__About this exercise__. Scan the records for the line containing "a b) (1::real)". From there through the last line, write out each line exactly.

__Available data__.
(* Let $n\ge 2$ and $1\le k\le n-1$ be integers, and let $z_1,\dots,z_n$ be indeterminates. Then \[ \Big(\prod_{i=0}^{k-1} i!\Big)^2\, n^{k-1}\,\Delta_{k+1}(H(n)) \;=\; \Delta_k(E(n)). \]
   Context: For $k\ge 0$ let $p_k=\sum_{i=1}^n z_i^k$ be the power sums. The Hermite matrix $H(n)$ is the matrix with entries $H(n)_{i,j}=p_{i+j-2}$ ($i,j\ge 1$). For an (infinite or finite) matrix $F$, $\Delta_k(F)$ denotes the determinant of its upper-left $k\times k$ submatrix. For distinct $i,j\in\{1,\dots,n\}$ and an integer $m\ge 0$, let $e^{(i,j)}_m$ be the elementary symmetric polynomial of degree $m$ in the $n-2$ variables $\{z_l: l\ne i,j\}$ (with $e^{(i,j)}_0=1$ and $e^{(i,j)}_m=0$ if $m>n-2$). $E(n)$ is the infinite matrix with entries, for $r,s\ge 1$, \[ E(n)_{r,s}=(r-1)!\,(s-1)!\sum_{1\le i<j\le n} e^{(i,j)}_{r-1}\,e^{(i,j)}_{s-1}\,(z_i-z_j)^2 . \] *)

theory Defs
  imports "Jordan_Normal_Form.Determinant"
begin

text \<open>Polynomial identities in the indeterminates z_1..z_n are rendered as identities
holding for every assignment z :: nat => 'a in an arbitrary commutative ring
(only z 1, ..., z n are used).  Matrices are 1-indexed functions nat => nat => 'a.\<close>

definition power_sum :: "(nat \<Rightarrow> 'a::comm_ring_1) \<Rightarrow> nat \<Rightarrow> nat \<Rightarrow> 'a" where
  "power_sum z n k = (\<Sum>i\<in>{1..n}. z i ^ k)"

definition hermite_mat :: "(nat \<Rightarrow> 'a::comm_ring_1) \<Rightarrow> nat \<Rightarrow> nat \<Rightarrow> nat \<Rightarrow> 'a" where
  "hermite_mat z n i j = power_sum z n (i + j - 2)"
lemma pdiff_eq_0_if_not_in_vars: "m \<notin> vars p \<Longrightarrow> pdiff m p = 0"
  unfolding pdiff_def vars_def by (intro sum.neutral) (auto simp: in_keys_iff)

lemma vars_add: "vars (p + q) \<subseteq> vars p \<union> vars q"
  unfolding vars_def using keys_add[of p q] by blast

lemma vars_mult: "vars (p * q) \<subseteq> vars p \<union> vars q"
proof
  fix m assume "m \<in> vars (p * q)"
  then obtain \<mu> where "\<mu> \<in> Poly_Mapping.keys (p * q)" "m \<in> Poly_Mapping.keys \<mu>"
    by (auto simp: vars_def)
  then obtain a b where "\<mu> = a + b" "a \<in> Poly_Mapping.keys p" "b \<in> Poly_Mapping.keys q"
    using keys_mult[of p q] by blast
  with \<open>m \<in> Poly_Mapping.keys \<mu>\<close> keys_add[of a b] show "m \<in> vars p \<union> vars q"
    by (auto simp: vars_def)
qed

lemma vars_kv: "vars (kv n) = {n}"
  by (simp add: vars_def kv_def)

lemma pdiff_kv: "pdiff m (kv n) = (if m = n then 1 else 0)"
  by (auto simp: kv_def pdiff_single lookup_single when_def)

section \<open>Derivations determined by their values on the variables\<close>

definition coord_der :: "(nat \<Rightarrow> dpoly) \<Rightarrow> dpoly \<Rightarrow> dpoly" where
  "coord_der c p = (\<Sum>m\<in>vars p. c m * pdiff m p)"

lemma coord_der_superset:
  "finite S \<Longrightarrow> vars p \<subseteq> S \<Longrightarrow> coord_der c p = (\<Sum>m\<in>S. c m * pdiff m p)"
  unfolding coord_der_def
  by (rule sum.mono_neutral_left) (auto simp: pdiff_eq_0_if_not_in_vars)

lemma coord_der_add: "coord_der c (p + q) = coord_der c p + coord_der c q"
proof -
  have "coord_der c (p + q) = (\<Sum>m\<in>vars p \<union> vars q. c m * pdiff m (p + q))"
    using vars_add[of p q] by (intro coord_der_superset) auto
  also have "\<dots> = (\<Sum>m\<in>vars p \<union> vars q. c m * pdiff m p) + (\<Sum>m\<in>vars p \<union> vars q. c m * pdiff m q)"
    by (simp add: pdiff_add distrib_left sum.distrib)
  finally show ?thesis
    by (simp add: coord_der_superset[of "vars p \<union> vars q"])
qed

lemma coord_der_mult: "coord_der c (p * q) = coord_der c p * q + p * coord_der c q"
proof -
  have "coord_der c (p * q) = (\<Sum>m\<in>vars p \<union> vars q. c m * pdiff m (p * q))"
    using vars_mult[of p q] by (intro coord_der_superset) auto
  also have "\<dots> = (\<Sum>m\<in>vars p \<union> vars q. c m * pdiff m p) * q
                 + p * (\<Sum>m\<in>vars p \<union> vars q. c m * pdiff m q)"
    by (simp add: pdiff_mult distrib_left sum.distrib sum_distrib_left sum_distrib_right mult_ac)
  finally show ?thesis
    by (simp add: coord_der_superset[of "vars p \<union> vars q"])
qed

lemma coord_der_minus: "coord_der c (- p) = - coord_der c p"
  using coord_der_add[of c "- p" p] by (simp add: coord_der_def vars_def eq_neg_iff_add_eq_0)

lemma coord_der_diff: "coord_der c (p - q) = coord_der c p - coord_der c q"
  using coord_der_add[of c p "- q"] coord_der_minus[of c q] by simp

lemma coord_der_kv: "coord_der c (kv n) = c n"
  by (simp add: coord_der_def vars_kv pdiff_kv)

lemma coord_der_dconst: "coord_der c (dconst a) = 0"
  by (simp add: coord_der_def vars_def dconst_def)

lemma Ds_eq_coord_der: "Ds = coord_der (\<lambda>m. kv (Suc m))"
  by (simp add: fun_eq_iff Ds_def coord_der_def)

lemma evd_eq_coord_der: "evd a = coord_der (\<lambda>m. (Ds ^^ m) a)"
  by (simp add: fun_eq_iff evd_def coord_der_def)

lemma Ds_add: "Ds (p + q) = Ds p + Ds q"
  and Ds_diff: "Ds (p - q) = Ds p - Ds q"
  and Ds_minus: "Ds (- p) = - Ds p"
  and Ds_mult: "Ds (p * q) = Ds p * q + p * Ds q"
  and Ds_kv [simp]: "Ds (kv n) = kv (Suc n)"
  and Ds_dconst [simp]: "Ds (dconst c) = 0"
  by (simp_all add: Ds_eq_coord_der coord_der_add coord_der_diff coord_der_minus coord_der_mult
                    coord_der_kv coord_der_dconst)

lemma evd_add: "evd a (p + q) = evd a p + evd a q"
  and evd_mult: "evd a (p * q) = evd a p * q + p * evd a q"
  and evd_kv [simp]: "evd a (kv n) = (Ds ^^ n) a"
  and evd_dconst [simp]: "evd a (dconst c) = 0"
  by (simp_all add: evd_eq_coord_der coord_der_add coord_der_mult coord_der_kv coord_der_dconst)

lemma Ds_zero [simp]: "Ds 0 = 0"
  and Ds_one [simp]: "Ds 1 = 0"
  and evd_zero [simp]: "evd a 0 = 0"
  using Ds_dconst[of 0] Ds_dconst[of 1] evd_dconst[of a 0] by (simp_all add: dconst_def)

definition is_derivation :: "(dpoly \<Rightarrow> dpoly) \<Rightarrow> bool" where
  "is_derivation \<delta> \<longleftrightarrow> (\<forall>p q. \<delta> (p + q) = \<delta> p + \<delta> q) \<and> (\<forall>p q. \<delta> (p * q) = \<delta> p * q + p * \<delta> q)"

lemma update_eq_add_single:
  "a \<notin> Poly_Mapping.keys f \<Longrightarrow> Poly_Mapping.update a b f = f + Poly_Mapping.single a b"
  for f :: "nat \<Rightarrow>\<^sub>0 nat"
  by (intro poly_mapping_eqI) (auto simp: lookup_update lookup_add lookup_single when_def in_keys_iff)

lemma single_single_eq_kv_power: "Poly_Mapping.single (Poly_Mapping.single a b) (1::real) = kv a ^ b"
proof (induction b)
  case (Suc b)
  have "Poly_Mapping.single a (Suc b) = Poly_Mapping.single a b + Poly_Mapping.single a 1"
    by (simp flip: single_add)
  hence "Poly_Mapping.single (Poly_Mapping.single a (Suc b)) (1::real) =
         Poly_Mapping.single (Poly_Mapping.single a b) 1 * kv a"
    by (simp add: kv_def mult_single)
  with Suc show ?case by (simp add: mult_ac)
qed simp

__Problem solution__.
lemma single_single_eq_kv_power: "Poly_Mapping.single (Poly_Mapping.single a b) (1::real) = kv a ^ b"
proof (induction b)
  case (Suc b)
  have "Poly_Mapping.single a (Suc b) = Poly_Mapping.single a b + Poly_Mapping.single a 1"
    by (simp flip: single_add)
  hence "Poly_Mapping.single (Poly_Mapping.single a (Suc b)) (1::real) =
         Poly_Mapping.single (Poly_Mapping.single a b) 1 * kv a"
    by (simp add: kv_def mult_single)
  with Suc show ?case by (simp add: mult_ac)
qed simp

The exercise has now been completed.